### Provided data:
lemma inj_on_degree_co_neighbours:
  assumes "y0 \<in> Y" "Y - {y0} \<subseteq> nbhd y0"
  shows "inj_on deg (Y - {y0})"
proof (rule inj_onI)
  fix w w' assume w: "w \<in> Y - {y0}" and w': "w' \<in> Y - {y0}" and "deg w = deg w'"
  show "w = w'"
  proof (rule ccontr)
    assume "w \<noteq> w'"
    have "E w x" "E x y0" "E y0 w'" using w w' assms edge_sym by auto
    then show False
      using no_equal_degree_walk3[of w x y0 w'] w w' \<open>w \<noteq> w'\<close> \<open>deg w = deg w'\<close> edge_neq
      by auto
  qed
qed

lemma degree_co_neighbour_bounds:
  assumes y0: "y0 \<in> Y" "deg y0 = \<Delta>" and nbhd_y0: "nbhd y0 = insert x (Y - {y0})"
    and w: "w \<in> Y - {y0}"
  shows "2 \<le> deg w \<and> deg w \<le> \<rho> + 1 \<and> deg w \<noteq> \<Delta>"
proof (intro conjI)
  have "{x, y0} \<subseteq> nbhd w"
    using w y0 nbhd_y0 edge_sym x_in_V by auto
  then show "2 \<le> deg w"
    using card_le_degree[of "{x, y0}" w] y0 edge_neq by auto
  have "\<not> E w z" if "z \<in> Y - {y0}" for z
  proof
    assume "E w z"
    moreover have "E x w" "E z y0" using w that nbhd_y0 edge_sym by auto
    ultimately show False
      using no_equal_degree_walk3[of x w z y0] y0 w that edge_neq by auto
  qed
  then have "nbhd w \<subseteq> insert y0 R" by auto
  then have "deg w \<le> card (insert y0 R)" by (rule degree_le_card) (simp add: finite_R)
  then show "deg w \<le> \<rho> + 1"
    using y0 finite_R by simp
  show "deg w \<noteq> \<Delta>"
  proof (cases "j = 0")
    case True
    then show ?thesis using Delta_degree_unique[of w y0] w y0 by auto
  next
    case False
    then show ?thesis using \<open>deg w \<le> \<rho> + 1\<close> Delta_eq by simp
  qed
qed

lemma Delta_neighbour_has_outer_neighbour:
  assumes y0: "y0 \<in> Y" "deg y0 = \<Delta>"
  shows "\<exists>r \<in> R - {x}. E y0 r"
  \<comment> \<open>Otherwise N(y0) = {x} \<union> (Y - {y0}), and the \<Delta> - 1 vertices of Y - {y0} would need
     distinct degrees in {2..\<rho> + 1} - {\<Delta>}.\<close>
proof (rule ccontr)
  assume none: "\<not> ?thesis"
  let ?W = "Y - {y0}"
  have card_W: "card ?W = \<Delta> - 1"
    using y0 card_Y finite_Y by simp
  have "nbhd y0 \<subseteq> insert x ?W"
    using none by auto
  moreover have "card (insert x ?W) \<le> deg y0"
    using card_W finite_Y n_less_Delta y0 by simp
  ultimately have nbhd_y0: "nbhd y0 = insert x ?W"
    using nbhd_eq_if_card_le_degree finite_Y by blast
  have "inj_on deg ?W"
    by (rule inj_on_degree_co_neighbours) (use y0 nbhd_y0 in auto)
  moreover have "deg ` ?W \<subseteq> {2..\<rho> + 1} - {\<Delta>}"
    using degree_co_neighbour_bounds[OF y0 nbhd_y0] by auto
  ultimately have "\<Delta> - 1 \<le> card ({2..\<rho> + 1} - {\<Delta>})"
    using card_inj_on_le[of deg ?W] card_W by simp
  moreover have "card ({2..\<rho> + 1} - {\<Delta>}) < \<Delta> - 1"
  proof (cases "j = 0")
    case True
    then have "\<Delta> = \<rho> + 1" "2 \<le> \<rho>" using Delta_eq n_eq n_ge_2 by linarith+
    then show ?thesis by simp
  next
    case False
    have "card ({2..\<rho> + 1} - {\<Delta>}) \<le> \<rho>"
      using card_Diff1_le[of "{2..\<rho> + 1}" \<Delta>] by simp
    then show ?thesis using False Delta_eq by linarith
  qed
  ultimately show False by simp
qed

---

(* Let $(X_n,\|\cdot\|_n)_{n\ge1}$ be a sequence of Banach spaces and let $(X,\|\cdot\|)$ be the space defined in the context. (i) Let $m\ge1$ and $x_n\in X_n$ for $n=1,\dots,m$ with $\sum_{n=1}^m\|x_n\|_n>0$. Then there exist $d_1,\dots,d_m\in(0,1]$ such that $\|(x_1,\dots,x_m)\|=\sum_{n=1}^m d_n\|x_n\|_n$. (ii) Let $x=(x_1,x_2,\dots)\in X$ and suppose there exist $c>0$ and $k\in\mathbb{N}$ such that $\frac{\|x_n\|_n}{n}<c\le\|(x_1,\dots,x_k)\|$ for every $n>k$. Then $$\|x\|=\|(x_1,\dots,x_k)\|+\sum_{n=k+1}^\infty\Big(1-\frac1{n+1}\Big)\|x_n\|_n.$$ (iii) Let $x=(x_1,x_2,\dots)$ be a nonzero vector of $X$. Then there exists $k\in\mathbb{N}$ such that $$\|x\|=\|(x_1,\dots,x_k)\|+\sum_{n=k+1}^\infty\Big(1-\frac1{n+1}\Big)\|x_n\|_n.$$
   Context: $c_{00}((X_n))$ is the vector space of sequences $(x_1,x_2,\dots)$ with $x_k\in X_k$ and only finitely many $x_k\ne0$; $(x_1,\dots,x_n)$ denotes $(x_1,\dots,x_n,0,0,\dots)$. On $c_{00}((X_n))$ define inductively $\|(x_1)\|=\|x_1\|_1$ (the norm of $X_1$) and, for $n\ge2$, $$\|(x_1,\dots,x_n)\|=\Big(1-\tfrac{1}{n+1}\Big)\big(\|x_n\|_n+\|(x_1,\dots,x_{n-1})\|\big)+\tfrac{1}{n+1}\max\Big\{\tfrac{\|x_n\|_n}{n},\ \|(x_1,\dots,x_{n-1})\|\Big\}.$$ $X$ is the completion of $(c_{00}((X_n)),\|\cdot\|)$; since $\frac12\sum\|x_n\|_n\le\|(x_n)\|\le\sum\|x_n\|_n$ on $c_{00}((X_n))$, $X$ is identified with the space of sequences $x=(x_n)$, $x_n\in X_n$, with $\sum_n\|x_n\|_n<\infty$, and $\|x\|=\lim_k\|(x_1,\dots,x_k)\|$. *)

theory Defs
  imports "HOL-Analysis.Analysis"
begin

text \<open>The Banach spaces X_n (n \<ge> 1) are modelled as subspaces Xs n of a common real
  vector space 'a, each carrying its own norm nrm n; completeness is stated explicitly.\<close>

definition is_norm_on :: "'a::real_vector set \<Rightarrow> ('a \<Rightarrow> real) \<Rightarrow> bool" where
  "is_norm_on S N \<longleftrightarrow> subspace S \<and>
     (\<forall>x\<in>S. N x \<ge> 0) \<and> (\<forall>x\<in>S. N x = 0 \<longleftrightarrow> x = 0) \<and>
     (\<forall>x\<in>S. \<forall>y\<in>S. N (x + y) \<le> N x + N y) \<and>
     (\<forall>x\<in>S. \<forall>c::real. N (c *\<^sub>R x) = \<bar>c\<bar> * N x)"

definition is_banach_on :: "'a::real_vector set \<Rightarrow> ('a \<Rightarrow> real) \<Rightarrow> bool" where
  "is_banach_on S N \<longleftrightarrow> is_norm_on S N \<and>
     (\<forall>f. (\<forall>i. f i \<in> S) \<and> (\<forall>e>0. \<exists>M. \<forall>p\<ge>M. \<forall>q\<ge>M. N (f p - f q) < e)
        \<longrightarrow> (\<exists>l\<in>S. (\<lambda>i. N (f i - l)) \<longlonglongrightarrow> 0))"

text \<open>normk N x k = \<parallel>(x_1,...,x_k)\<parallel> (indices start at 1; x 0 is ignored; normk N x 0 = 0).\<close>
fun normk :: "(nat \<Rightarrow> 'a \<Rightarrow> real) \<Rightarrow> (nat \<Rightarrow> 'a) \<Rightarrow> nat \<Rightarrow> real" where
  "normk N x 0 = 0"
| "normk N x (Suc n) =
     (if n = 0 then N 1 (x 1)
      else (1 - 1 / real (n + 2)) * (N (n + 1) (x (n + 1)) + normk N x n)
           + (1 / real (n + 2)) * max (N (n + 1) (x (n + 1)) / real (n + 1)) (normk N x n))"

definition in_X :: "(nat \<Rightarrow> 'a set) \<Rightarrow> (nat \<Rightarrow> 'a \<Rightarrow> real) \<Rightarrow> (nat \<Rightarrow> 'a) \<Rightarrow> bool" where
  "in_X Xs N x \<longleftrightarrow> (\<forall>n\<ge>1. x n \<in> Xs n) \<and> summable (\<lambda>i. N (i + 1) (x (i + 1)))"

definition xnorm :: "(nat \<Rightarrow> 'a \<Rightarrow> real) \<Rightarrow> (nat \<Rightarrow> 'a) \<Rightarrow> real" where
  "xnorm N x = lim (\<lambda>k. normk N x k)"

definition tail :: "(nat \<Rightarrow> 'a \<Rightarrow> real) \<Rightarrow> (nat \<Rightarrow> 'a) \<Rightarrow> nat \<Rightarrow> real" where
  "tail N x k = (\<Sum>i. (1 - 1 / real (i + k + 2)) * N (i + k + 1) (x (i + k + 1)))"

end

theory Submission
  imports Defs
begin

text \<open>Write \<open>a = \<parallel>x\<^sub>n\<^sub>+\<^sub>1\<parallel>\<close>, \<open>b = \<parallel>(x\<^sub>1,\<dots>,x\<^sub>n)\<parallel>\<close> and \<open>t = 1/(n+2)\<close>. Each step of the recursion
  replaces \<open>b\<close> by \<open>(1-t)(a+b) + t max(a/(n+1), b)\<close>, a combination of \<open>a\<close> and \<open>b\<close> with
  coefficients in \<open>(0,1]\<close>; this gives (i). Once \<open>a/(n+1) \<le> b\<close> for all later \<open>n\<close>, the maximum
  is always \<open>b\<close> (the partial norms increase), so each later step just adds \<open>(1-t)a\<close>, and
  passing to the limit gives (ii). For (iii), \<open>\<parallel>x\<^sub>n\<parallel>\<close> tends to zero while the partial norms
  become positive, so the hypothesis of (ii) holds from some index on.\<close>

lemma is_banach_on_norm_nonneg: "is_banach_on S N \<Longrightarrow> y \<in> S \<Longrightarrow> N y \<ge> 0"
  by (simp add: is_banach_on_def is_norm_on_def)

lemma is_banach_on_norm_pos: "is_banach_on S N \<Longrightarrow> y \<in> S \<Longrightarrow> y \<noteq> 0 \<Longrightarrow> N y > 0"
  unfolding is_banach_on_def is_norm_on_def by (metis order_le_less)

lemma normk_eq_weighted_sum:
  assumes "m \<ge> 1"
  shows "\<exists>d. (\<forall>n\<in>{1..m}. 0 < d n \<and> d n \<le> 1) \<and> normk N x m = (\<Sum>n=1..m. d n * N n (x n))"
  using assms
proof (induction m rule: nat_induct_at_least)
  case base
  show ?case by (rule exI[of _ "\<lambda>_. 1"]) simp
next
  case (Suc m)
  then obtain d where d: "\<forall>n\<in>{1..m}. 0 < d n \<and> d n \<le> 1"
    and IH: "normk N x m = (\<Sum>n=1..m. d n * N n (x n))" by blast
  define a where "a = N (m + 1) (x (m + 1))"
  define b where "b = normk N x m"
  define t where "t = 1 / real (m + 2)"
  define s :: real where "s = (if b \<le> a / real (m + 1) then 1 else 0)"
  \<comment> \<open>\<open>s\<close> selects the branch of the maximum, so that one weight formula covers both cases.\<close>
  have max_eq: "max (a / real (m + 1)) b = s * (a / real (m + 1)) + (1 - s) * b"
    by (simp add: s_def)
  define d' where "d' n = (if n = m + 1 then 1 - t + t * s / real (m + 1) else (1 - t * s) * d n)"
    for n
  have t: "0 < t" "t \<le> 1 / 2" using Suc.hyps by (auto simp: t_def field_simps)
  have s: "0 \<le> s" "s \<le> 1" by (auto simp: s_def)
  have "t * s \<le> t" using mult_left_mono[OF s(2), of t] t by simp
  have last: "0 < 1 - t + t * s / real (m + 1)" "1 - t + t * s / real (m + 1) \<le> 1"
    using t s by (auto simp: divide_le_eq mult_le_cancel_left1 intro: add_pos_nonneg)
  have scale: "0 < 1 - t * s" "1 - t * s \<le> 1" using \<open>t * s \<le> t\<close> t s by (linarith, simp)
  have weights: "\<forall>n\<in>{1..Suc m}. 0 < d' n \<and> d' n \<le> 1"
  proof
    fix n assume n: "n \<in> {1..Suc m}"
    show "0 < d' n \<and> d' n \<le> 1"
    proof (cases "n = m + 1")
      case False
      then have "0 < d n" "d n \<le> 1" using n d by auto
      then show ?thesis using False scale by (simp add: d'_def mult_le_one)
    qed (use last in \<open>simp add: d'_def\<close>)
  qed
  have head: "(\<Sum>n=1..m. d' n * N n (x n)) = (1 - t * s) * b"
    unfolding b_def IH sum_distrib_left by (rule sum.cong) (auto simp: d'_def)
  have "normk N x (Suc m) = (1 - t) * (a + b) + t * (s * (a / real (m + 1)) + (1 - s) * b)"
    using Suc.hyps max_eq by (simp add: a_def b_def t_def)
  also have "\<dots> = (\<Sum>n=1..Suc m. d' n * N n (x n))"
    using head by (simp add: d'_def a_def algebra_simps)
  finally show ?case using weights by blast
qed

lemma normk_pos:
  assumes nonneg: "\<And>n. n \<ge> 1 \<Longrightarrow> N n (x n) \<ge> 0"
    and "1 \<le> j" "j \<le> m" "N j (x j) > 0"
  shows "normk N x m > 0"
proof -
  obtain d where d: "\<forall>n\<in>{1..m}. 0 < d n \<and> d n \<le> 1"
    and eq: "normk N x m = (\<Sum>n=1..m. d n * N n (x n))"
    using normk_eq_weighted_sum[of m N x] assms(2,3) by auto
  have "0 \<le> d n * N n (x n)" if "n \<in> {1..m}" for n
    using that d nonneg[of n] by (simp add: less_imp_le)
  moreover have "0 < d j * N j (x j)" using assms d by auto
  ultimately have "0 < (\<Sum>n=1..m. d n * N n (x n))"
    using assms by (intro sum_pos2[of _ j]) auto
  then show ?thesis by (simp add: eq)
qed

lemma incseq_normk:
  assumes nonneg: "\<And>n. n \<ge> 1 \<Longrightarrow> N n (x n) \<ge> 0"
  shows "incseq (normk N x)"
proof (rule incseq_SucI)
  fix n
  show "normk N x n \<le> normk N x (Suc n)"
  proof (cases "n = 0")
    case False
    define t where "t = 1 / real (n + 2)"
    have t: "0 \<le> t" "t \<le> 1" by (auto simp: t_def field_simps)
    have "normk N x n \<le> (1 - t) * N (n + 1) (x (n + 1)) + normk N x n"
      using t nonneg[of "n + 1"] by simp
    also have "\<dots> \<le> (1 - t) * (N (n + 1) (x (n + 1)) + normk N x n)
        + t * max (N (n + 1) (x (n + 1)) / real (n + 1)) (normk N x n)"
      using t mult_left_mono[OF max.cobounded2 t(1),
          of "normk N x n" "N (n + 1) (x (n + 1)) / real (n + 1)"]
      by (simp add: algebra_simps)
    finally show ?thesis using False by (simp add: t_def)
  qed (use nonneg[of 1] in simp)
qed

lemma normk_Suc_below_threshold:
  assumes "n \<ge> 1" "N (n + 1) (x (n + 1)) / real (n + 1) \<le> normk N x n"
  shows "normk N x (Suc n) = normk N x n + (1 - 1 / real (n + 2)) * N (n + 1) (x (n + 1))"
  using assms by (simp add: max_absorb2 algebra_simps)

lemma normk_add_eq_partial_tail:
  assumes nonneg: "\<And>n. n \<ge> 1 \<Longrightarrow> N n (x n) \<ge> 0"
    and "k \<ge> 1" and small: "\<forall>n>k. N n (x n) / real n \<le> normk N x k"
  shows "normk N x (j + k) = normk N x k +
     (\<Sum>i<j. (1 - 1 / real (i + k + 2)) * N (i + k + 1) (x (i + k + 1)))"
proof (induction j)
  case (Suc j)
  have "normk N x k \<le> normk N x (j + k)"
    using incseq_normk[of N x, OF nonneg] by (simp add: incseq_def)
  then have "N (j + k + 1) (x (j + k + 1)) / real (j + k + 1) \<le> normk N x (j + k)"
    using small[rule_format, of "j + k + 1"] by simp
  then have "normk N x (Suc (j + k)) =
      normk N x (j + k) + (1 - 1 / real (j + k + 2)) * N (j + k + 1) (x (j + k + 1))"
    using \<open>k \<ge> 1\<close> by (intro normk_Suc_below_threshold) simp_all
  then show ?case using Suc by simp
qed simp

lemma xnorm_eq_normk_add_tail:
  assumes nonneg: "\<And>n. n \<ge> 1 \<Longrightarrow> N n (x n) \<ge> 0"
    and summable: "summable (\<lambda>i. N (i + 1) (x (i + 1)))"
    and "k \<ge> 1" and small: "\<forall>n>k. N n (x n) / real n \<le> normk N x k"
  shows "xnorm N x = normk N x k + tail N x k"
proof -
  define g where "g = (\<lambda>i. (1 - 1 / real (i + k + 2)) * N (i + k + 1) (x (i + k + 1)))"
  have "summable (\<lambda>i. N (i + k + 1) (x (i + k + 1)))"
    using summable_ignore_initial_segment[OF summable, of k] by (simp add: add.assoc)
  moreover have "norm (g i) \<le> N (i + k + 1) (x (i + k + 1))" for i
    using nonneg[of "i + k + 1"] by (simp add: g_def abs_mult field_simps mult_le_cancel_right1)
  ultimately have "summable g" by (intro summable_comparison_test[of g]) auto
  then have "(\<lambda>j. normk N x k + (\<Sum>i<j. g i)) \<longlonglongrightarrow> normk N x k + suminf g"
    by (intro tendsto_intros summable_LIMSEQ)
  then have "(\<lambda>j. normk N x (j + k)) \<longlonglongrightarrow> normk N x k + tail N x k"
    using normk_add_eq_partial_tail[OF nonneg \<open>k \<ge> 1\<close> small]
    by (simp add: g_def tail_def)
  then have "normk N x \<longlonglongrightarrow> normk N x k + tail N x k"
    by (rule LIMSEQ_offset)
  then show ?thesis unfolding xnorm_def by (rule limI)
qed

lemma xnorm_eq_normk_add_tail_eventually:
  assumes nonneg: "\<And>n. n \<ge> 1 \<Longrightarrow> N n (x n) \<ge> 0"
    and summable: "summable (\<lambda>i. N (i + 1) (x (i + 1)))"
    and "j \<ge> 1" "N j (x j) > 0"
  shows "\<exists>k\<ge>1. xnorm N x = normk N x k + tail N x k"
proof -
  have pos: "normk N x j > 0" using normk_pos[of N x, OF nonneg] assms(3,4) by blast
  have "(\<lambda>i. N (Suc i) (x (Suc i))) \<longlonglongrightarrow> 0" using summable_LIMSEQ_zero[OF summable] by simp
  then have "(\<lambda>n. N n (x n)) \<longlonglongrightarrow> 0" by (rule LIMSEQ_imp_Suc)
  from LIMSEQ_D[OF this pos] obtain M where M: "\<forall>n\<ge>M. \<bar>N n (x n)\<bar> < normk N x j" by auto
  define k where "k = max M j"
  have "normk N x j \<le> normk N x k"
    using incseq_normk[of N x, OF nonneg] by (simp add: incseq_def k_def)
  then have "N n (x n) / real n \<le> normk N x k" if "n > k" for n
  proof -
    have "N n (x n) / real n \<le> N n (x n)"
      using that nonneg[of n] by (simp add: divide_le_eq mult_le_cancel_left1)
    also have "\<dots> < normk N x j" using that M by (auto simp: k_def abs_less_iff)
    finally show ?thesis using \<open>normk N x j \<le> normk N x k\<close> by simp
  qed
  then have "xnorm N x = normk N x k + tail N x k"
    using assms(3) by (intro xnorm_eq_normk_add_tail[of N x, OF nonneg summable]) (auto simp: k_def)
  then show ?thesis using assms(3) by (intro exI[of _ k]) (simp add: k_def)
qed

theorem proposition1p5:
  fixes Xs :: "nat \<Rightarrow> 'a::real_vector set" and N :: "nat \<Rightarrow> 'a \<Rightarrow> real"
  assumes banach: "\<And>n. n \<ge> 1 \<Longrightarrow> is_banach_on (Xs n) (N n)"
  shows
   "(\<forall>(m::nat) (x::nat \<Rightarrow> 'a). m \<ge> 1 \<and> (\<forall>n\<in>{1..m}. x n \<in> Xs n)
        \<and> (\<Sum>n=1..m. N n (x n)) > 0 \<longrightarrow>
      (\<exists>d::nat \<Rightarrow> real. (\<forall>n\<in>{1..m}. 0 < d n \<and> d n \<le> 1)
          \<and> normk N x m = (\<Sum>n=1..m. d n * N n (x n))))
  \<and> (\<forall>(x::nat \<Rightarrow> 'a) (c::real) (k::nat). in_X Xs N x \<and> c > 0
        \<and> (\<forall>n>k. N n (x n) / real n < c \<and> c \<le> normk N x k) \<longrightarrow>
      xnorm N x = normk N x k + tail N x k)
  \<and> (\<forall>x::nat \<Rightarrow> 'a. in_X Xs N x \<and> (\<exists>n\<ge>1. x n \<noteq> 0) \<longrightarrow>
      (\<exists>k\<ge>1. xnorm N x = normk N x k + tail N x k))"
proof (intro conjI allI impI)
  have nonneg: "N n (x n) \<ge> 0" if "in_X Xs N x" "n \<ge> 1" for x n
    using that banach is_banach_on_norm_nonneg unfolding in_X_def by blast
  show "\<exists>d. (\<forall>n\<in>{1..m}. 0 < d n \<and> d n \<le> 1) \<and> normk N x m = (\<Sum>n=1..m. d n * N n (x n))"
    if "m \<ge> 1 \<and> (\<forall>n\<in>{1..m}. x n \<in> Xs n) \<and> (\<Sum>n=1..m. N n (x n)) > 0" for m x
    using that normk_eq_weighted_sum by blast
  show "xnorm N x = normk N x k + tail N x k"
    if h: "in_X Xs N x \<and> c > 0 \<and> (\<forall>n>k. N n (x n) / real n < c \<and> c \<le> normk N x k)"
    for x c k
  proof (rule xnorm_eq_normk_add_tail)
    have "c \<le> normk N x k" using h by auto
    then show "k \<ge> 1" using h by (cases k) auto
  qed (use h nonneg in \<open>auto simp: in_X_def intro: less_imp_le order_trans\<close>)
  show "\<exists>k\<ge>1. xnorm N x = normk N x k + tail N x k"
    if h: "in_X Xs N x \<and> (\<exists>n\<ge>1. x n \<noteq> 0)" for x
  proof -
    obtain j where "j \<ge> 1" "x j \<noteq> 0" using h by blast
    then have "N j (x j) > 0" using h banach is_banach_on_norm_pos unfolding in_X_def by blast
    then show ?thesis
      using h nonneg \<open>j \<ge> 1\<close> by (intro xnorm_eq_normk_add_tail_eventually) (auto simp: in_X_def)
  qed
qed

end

### Prompt:
Every line of the material that includes the word "bool" needs to be copied.

### Response below:
definition is_norm_on :: "'a::real_vector set \<Rightarrow> ('a \<Rightarrow> real) \<Rightarrow> bool" where
definition is_banach_on :: "'a::real_vector set \<Rightarrow> ('a \<Rightarrow> real) \<Rightarrow> bool" where
definition in_X :: "(nat \<Rightarrow> 'a set) \<Rightarrow> (nat \<Rightarrow> 'a \<Rightarrow> real) \<Rightarrow> (nat \<Rightarrow> 'a) \<Rightarrow> bool" where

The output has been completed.